You are one of those gifted people who find their way to my blog and offer me gifts of strength and wisdom through honesty. I hope you keep visiting. You are so kind and spirited.

Storm Dweller said...

I suppose sympathy is forthcoming from me, but not about your father's lung cancer, more to do with the loss you have already mourned so many years ago, but still find yourself having to process and re-process through. The pain never goes away, we only learn to cope with it better as we continue to have to deal with it. No... I guess I was wrong, it isn't sympathy I wish to proffer. Just a hope that as you cycle through this part of your journey, whatever it may or may not mean for you, that you have some kind of peace with it.

Selma said...

My father is currently having treatment for prostate cancer. We have had an on-again, off-again relationship for many years.
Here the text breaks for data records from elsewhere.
(* Let $V$ be an $n$-dimensional complex vector space with orthonormal basis $e_1,\ldots,e_n$ for a nondegenerate symmetric bilinear form, let $a_{ij}=e_i\wedge e_j\in\Lambda_2(V)$, and $A=(a_{ij})_{1\le i,j\le n}\in\operatorname{Mat}_{n,n}(\Lambda(\Lambda_2(V)))$. Then for $l\ge 1$ we have $\operatorname{tr}(A^l)=0$ unless $l\equiv 3\pmod 4$.
   Context: $\Lambda(\Lambda_2(V))$ is the exterior algebra on $\Lambda_2(V)$; its products are exterior products, and matrix products are taken with entries multiplied in the order written. *)

theory Defs
  imports Complex_Main "HOL-Library.Product_Lexorder"
begin

text \<open>Exterior algebra \<Lambda>(W) over the complex numbers on a vector space W with a
  basis indexed by pairs (i,j) with i < j (the basis e_i \<and> e_j of \<Lambda>_2(V)).
  An element is given by its coefficients on the standard monomial basis
  w_S = w_{s_1} \<and> ... \<and> w_{s_k} (s_1 < ... < s_k in the lexicographic order),
  i.e. as a function from finite sets of generators to complex numbers.\<close>

type_synonym ext = "(nat \<times> nat) set \<Rightarrow> complex"

text \<open>Sign of w_S \<and> w_T = ext_sign S T * w_(S \<union> T) for disjoint S, T.\<close>
definition ext_sign :: "(nat \<times> nat) set \<Rightarrow> (nat \<times> nat) set \<Rightarrow> complex" where
  "ext_sign S T = (-1) ^ card {(s, t). s \<in> S \<and> t \<in> T \<and> t < s}"

definition ext_mult :: "ext \<Rightarrow> ext \<Rightarrow> ext" where
  "ext_mult x y = (\<lambda>U. if finite U
      then (\<Sum>S\<in>Pow U. ext_sign S (U - S) * x S * y (U - S)) else 0)"

definition ext_zero :: ext where "ext_zero = (\<lambda>_. 0)"

definition ext_one :: ext where "ext_one = (\<lambda>U. if U = {} then 1 else 0)"

definition gen_a :: "nat \<Rightarrow> nat \<Rightarrow> ext" where
  "gen_a i j = (\<lambda>U. if i < j then (if U = {(i, j)} then 1 else 0)
                    else if j < i then (if U = {(j, i)} then -1 else 0)
                    else 0)"

definition mat_mult :: "nat \<Rightarrow> (nat \<Rightarrow> nat \<Rightarrow> ext) \<Rightarrow> (nat \<Rightarrow> nat \<Rightarrow> ext) \<Rightarrow> (nat \<Rightarrow> nat \<Rightarrow> ext)" where
  "mat_mult n M N = (\<lambda>i k U. \<Sum>j\<in>{1..n}. ext_mult (M i j) (N j k) U)"

definition mat_id :: "nat \<Rightarrow> nat \<Rightarrow> ext" where
  "mat_id = (\<lambda>i k. if i = k then ext_one else ext_zero)"

fun mat_pow :: "nat \<Rightarrow> (nat \<Rightarrow> nat \<Rightarrow> ext) \<Rightarrow> nat \<Rightarrow> (nat \<Rightarrow> nat \<Rightarrow> ext)" where
  "mat_pow n M 0 = mat_id"
| "mat_pow n M (Suc l) = mat_mult n (mat_pow n M l) M"

definition mat_trace :: "nat \<Rightarrow> (nat \<Rightarrow> nat \<Rightarrow> ext) \<Rightarrow> ext" where
  "mat_trace n M = (\<lambda>U. \<Sum>i\<in>{1..n}. M i i U)"

definition matA :: "nat \<Rightarrow> nat \<Rightarrow> ext" where
  "matA = (\<lambda>i j. gen_a i j)"

end

theory Submission
  imports Defs
begin

text \<open>Entries of a product of matrices whose entries are homogeneous of degrees p and q
  graded-commute with sign (-1)^(pq), and the entries of A have degree 1.  Rotating the trace,
  tr(A^(m+1)) = tr(A^m A) = (-1)^m tr(A A^m), which kills the trace for even l.
  Transposing, A^T = -A and (MN)^T = (-1)^(pq) N^T M^T give (A^l)^T = (-1)^(l(l+1)/2) A^l,
  and since the trace is invariant under transposition it vanishes when l(l+1)/2 is odd,
  i.e. for l \<equiv> 1 (mod 4).\<close>

lemma ext_sign_Un_right:
  assumes "finite S" "finite T" "finite R" "T \<inter> R = {}"
  shows "ext_sign S (T \<union> R) = ext_sign S T * ext_sign S R"
proof -
  have split: "{(s, t). s \<in> S \<and> t \<in> T \<union> R \<and> t < s} =
      {(s, t). s \<in> S \<and> t \<in> T \<and> t < s} \<union> {(s, t). s \<in> S \<and> t \<in> R \<and> t < s}" by auto
  have "finite {(s, t). s \<in> S \<and> t \<in> T \<and> t < s}" "finite {(s, t). s \<in> S \<and> t \<in> R \<and> t < s}"
    by (rule finite_subset[of _ "S \<times> T"], use assms in auto)
       (rule finite_subset[of _ "S \<times> R"], use assms in auto)
  then show ?thesis
    unfolding ext_sign_def split using assms(4) by (simp add: card_Un_disjoint power_add disjoint_iff)
qed

lemma ext_sign_Un_left:
  assumes "finite S" "finite T" "finite R" "S \<inter> T = {}"
  shows "ext_sign (S \<union> T) R = ext_sign S R * ext_sign T R"
proof -
  have split: "{(s, t). s \<in> S \<union> T \<and> t \<in> R \<and> t < s} =
      {(s, t). s \<in> S \<and> t \<in> R \<and> t < s} \<union> {(s, t). s \<in> T \<and> t \<in> R \<and> t < s}" by auto
  have "finite {(s, t). s \<in> S \<and> t \<in> R \<and> t < s}" "finite {(s, t). s \<in> T \<and> t \<in> R \<and> t < s}"
    by (rule finite_subset[of _ "S \<times> R"], use assms in auto)
       (rule finite_subset[of _ "T \<times> R"], use assms in auto)
  then show ?thesis
    unfolding ext_sign_def split using assms(4) by (simp add: card_Un_disjoint power_add disjoint_iff)
qed

lemma ext_sign_assoc:
  assumes "finite S" "finite T" "finite R" "S \<inter> T = {}" "S \<inter> R = {}" "T \<inter> R = {}"
  shows "ext_sign S (T \<union> R) * ext_sign T R = ext_sign (S \<union> T) R * ext_sign S T"
  using assms by (simp add: ext_sign_Un_left ext_sign_Un_right)

text \<open>Every pair in S \<times> T is an inversion either for (S, T) or for (T, S).\<close>
lemma ext_sign_swap:
  assumes "finite S" "finite T" "S \<inter> T = {}"
  shows "ext_sign S T = (-1) ^ (card S * card T) * ext_sign T S"
proof -
  let ?A = "{(s, t). s \<in> S \<and> t \<in> T \<and> t < s}"
  let ?B = "{(s, t). s \<in> S \<and> t \<in> T \<and> s < t}"
  have "s \<noteq> t" if "s \<in> S" "t \<in> T" for s t
    using that assms(3) by auto
  then have "S \<times> T = ?A \<union> ?B"
    by (auto simp: neq_iff)
  then have "card S * card T = card (?A \<union> ?B)"
    by (simp flip: card_cartesian_product)
  also have "\<dots> = card ?A + card ?B"
    by (rule card_Un_disjoint) (rule finite_subset[of _ "S \<times> T"], use assms in auto)+
  finally have card_ST: "card S * card T = card ?A + card ?B" .
  have "{(t, s). t \<in> T \<and> s \<in> S \<and> s < t} = prod.swap ` ?B" by auto
  then have "ext_sign T S = (-1) ^ card ?B"
    unfolding ext_sign_def by (simp add: card_image)
  moreover have "ext_sign S T = (-1) ^ card ?A" unfolding ext_sign_def by simp
  ultimately show ?thesis
    unfolding card_ST by (simp add: power_add mult.assoc flip: power_mult_distrib)
qed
Recently, I made a huge effort to reconcile with him because I don't want the end of his days to be fraught with arguments and petty recriminations. I thought we were getting somewhere. I thought the cancer might mellow him but last week he actually offered me money to leave my husband. He said marrying my husband (who I have known for 24 years and been happily married to for 21) was the biggest mistake of my life.

His offer of money completely floored me. That's why I haven't been around much. I don't know what to make of it. It has depressed me but at the same time has given me clarity because now I know exactly where he's coming from.

I don't have any family anymore, either. My father has estranged them all. It upsets me that he's so hard about everything. I fear his heart is made of stone....

The Querulous Squirrel said...

Thank you, Storm. Selma, this story is so sad. My parents have constantly begged me to get my husband to convert or leave him. They've eased off, though, over the years.